AMDMIGraphX icon indicating copy to clipboard operation
AMDMIGraphX copied to clipboard

Implement flash decoding

Open pfultz2 opened this issue 3 months ago • 2 comments

Implement flash decoding as described here: https://pytorch.org/blog/flash-decoding/

We have attention operators grouped like this:

Q -> [B, M, k]
K -> [B, k, N]
V -> [B, N, D]

S = dot(Q, K)
P = softmax(S)
O = dot(P, V) # [B, M, D]

To do flash decoding we will need to add another batch dimension for each group we want to split, and then do:

Q -> [B, G, M, k] # G is a broadcasted dimension
K -> [B, G, k, N/G]
V -> [B, G, N/G, D]

# first kernel
S = dot(Q, K)
P = softmax(S, axis=-1)
L = LSE(S) # [B, G, M, 1]
O' = dot(P, V) # [B, G, M, D]

# second kernel
scale = softmax(L, axis=1) # [B, G, M, 1]
R = mul(O', broadcast(scale)) # [B, G, M, D]
O = sum(R, axis=1) # [B, 1, M, D]

We will probably do this directly in the fuse_attention pass after we have done the initial attention grouping.

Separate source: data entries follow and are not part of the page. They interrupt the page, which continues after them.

section \<open>Monomial orders\<close>

lemma exists_mono_subseq:
  fixes s :: "nat \<Rightarrow> nat"
  shows "\<exists>g::nat \<Rightarrow> nat. strict_mono g \<and> (\<forall>i j. i \<le> j \<longrightarrow> s (g i) \<le> s (g j))"
proof -
  obtain f :: "nat \<Rightarrow> nat" where f: "strict_mono f" "monoseq (\<lambda>n. s (f n))"
    using seq_monosub by blast
  show ?thesis
  proof (cases "\<forall>m n. m \<le> n \<longrightarrow> s (f m) \<le> s (f n)")
    case True
    with f(1) show ?thesis
      by blast
  next
    case False
    with f(2) have decreasing: "\<forall>m n. m \<le> n \<longrightarrow> s (f n) \<le> s (f m)"
      unfolding monoseq_def by blast
    obtain N where N: "\<forall>n. s (f N) \<le> s (f n)"
      using ex_has_least_nat[of "\<lambda>_. True" 0 "\<lambda>n. s (f n)"] by auto
    \<comment> \<open>a decreasing sequence of naturals is constant from its minimum on\<close>
    have "s (f (N + i)) \<le> s (f (N + j))" for i j
      using decreasing[rule_format, of N "N + i"] N[rule_format, of "N + j"] by simp
    moreover have "strict_mono (\<lambda>n. f (N + n))"
      using f(1) unfolding strict_mono_def by simp
    ultimately show ?thesis
      by blast
  qed
qed

lemma exists_pointwise_mono_subseq:
  fixes h :: "nat \<Rightarrow> 'v \<Rightarrow> nat"
  assumes "finite V"
  shows "\<exists>g::nat \<Rightarrow> nat. strict_mono g \<and> (\<forall>i j. i \<le> j \<longrightarrow> (\<forall>v\<in>V. h (g i) v \<le> h (g j) v))"
  using assms
proof (induction V rule: finite_induct)
  case empty
  show ?case
    by (rule exI[of _ "\<lambda>n. n"]) (simp add: strict_mono_def)
next
  case (insert v V)
  then obtain g :: "nat \<Rightarrow> nat" where g: "strict_mono g" "\<forall>i j. i \<le> j \<longrightarrow> (\<forall>w\<in>V. h (g i) w \<le> h (g j) w)"
    by blast
  obtain g' :: "nat \<Rightarrow> nat" where g': "strict_mono g'" "\<forall>i j. i \<le> j \<longrightarrow> h (g (g' i)) v \<le> h (g (g' j)) v"
    using exists_mono_subseq[of "\<lambda>n. h (g n) v"] by blast
  have "strict_mono (\<lambda>n. g (g' n))"
    using g(1) g'(1) by (simp add: strict_mono_def)
  moreover have "h (g (g' i)) w \<le> h (g (g' j)) w" if "i \<le> j" "w \<in> insert v V" for i j w
    using that g(2) g'(2) strict_mono_less_eq[OF g'(1)] by auto
  ultimately show ?case
    by blast
qed

lemma dickson:
  fixes f :: "nat \<Rightarrow> ('v::finite \<Rightarrow>\<^sub>0 nat)"
  shows "\<exists>i j. i < j \<and> (\<forall>v. Poly_Mapping.lookup (f i) v \<le> Poly_Mapping.lookup (f j) v)"
proof -
  obtain g :: "nat \<Rightarrow> nat" where g: "strict_mono g"
    "\<forall>i j. i \<le> j \<longrightarrow> (\<forall>v\<in>UNIV. Poly_Mapping.lookup (f (g i)) v \<le> Poly_Mapping.lookup (f (g j)) v)"
    using exists_pointwise_mono_subseq[OF finite_UNIV, of "\<lambda>n. Poly_Mapping.lookup (f n)"] by blast
  then have "g 0 < g 1"
    by (simp add: strict_mono_def)
  with g(2) show ?thesis by blast
qed

lemma lead_exp_keys_cong: "Poly_Mapping.keys f = Poly_Mapping.keys g \<Longrightarrow> lead_exp ord f = lead_exp ord g"
  unfolding lead_exp_def by simp

locale monomial_ordering =
  fixes ord :: "('v \<Rightarrow>\<^sub>0 nat) \<Rightarrow> ('v \<Rightarrow>\<^sub>0 nat) \<Rightarrow> bool"
  assumes monomial_order: "monomial_order ord"
begin

lemma ord_irrefl: "\<not> ord E E"
  using monomial_order unfolding monomial_order_def by blast

lemma ord_trans: "ord E F \<Longrightarrow> ord F G \<Longrightarrow> ord E G"
  using monomial_order unfolding monomial_order_def by blast

lemma ord_total: "E \<noteq> F \<Longrightarrow> ord E F \<or> ord F E"
  using monomial_order unfolding monomial_order_def by blast

lemma ord_add_left: "ord F E \<Longrightarrow> ord (G + F) (G + E)"
  using monomial_order unfolding monomial_order_def by blast

lemma ord_zero_single: "ord 0 (Poly_Mapping.single i 1)"
  using monomial_order unfolding monomial_order_def by blast

lemma ord_asym: "ord E F \<Longrightarrow> \<not> ord F E"
  using ord_trans ord_irrefl by blast

lemma ord_zero: "G \<noteq> 0 \<Longrightarrow> ord 0 G"
proof -
  have sum_pos: "ord 0 (A + B)" if "ord 0 A" "ord 0 B" for A B
    using ord_add_left[OF that(2), of A] that(1) ord_trans by simp
  have single: "ord 0 (Poly_Mapping.single i (Suc n))" for i n
  proof (induction n)
    case 0
    show ?case using ord_zero_single by simp
  next
    case (Suc n)
    have "Poly_Mapping.single i (Suc (Suc n)) = Poly_Mapping.single i (Suc n) + Poly_Mapping.single i 1"
      by (simp add: single_add[symmetric])
    with sum_pos[OF Suc ord_zero_single] show ?case by simp
  qed
  show "G \<noteq> 0 \<Longrightarrow> ord 0 G"
  proof (induction G rule: poly_mapping_induct)
    case zero
    then show ?case by simp
  next
    case (add f i n)
    then obtain m where "n = Suc m"
      using not0_implies_Suc by blast
    with add.IH single[of i m] sum_pos show ?case
      by (cases "f = 0") simp_all
  qed
qed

pfultz2 avatar Sep 29 '25 17:09 pfultz2

Also, another reference we used when we were discussing the flash decoding: https://arxiv.org/pdf/2402.05099

pfultz2 avatar Sep 29 '25 17:09 pfultz2

rocMLIR experiments for good G sizes: rocMLIR#1895

bdevorem avatar Oct 09 '25 16:10 bdevorem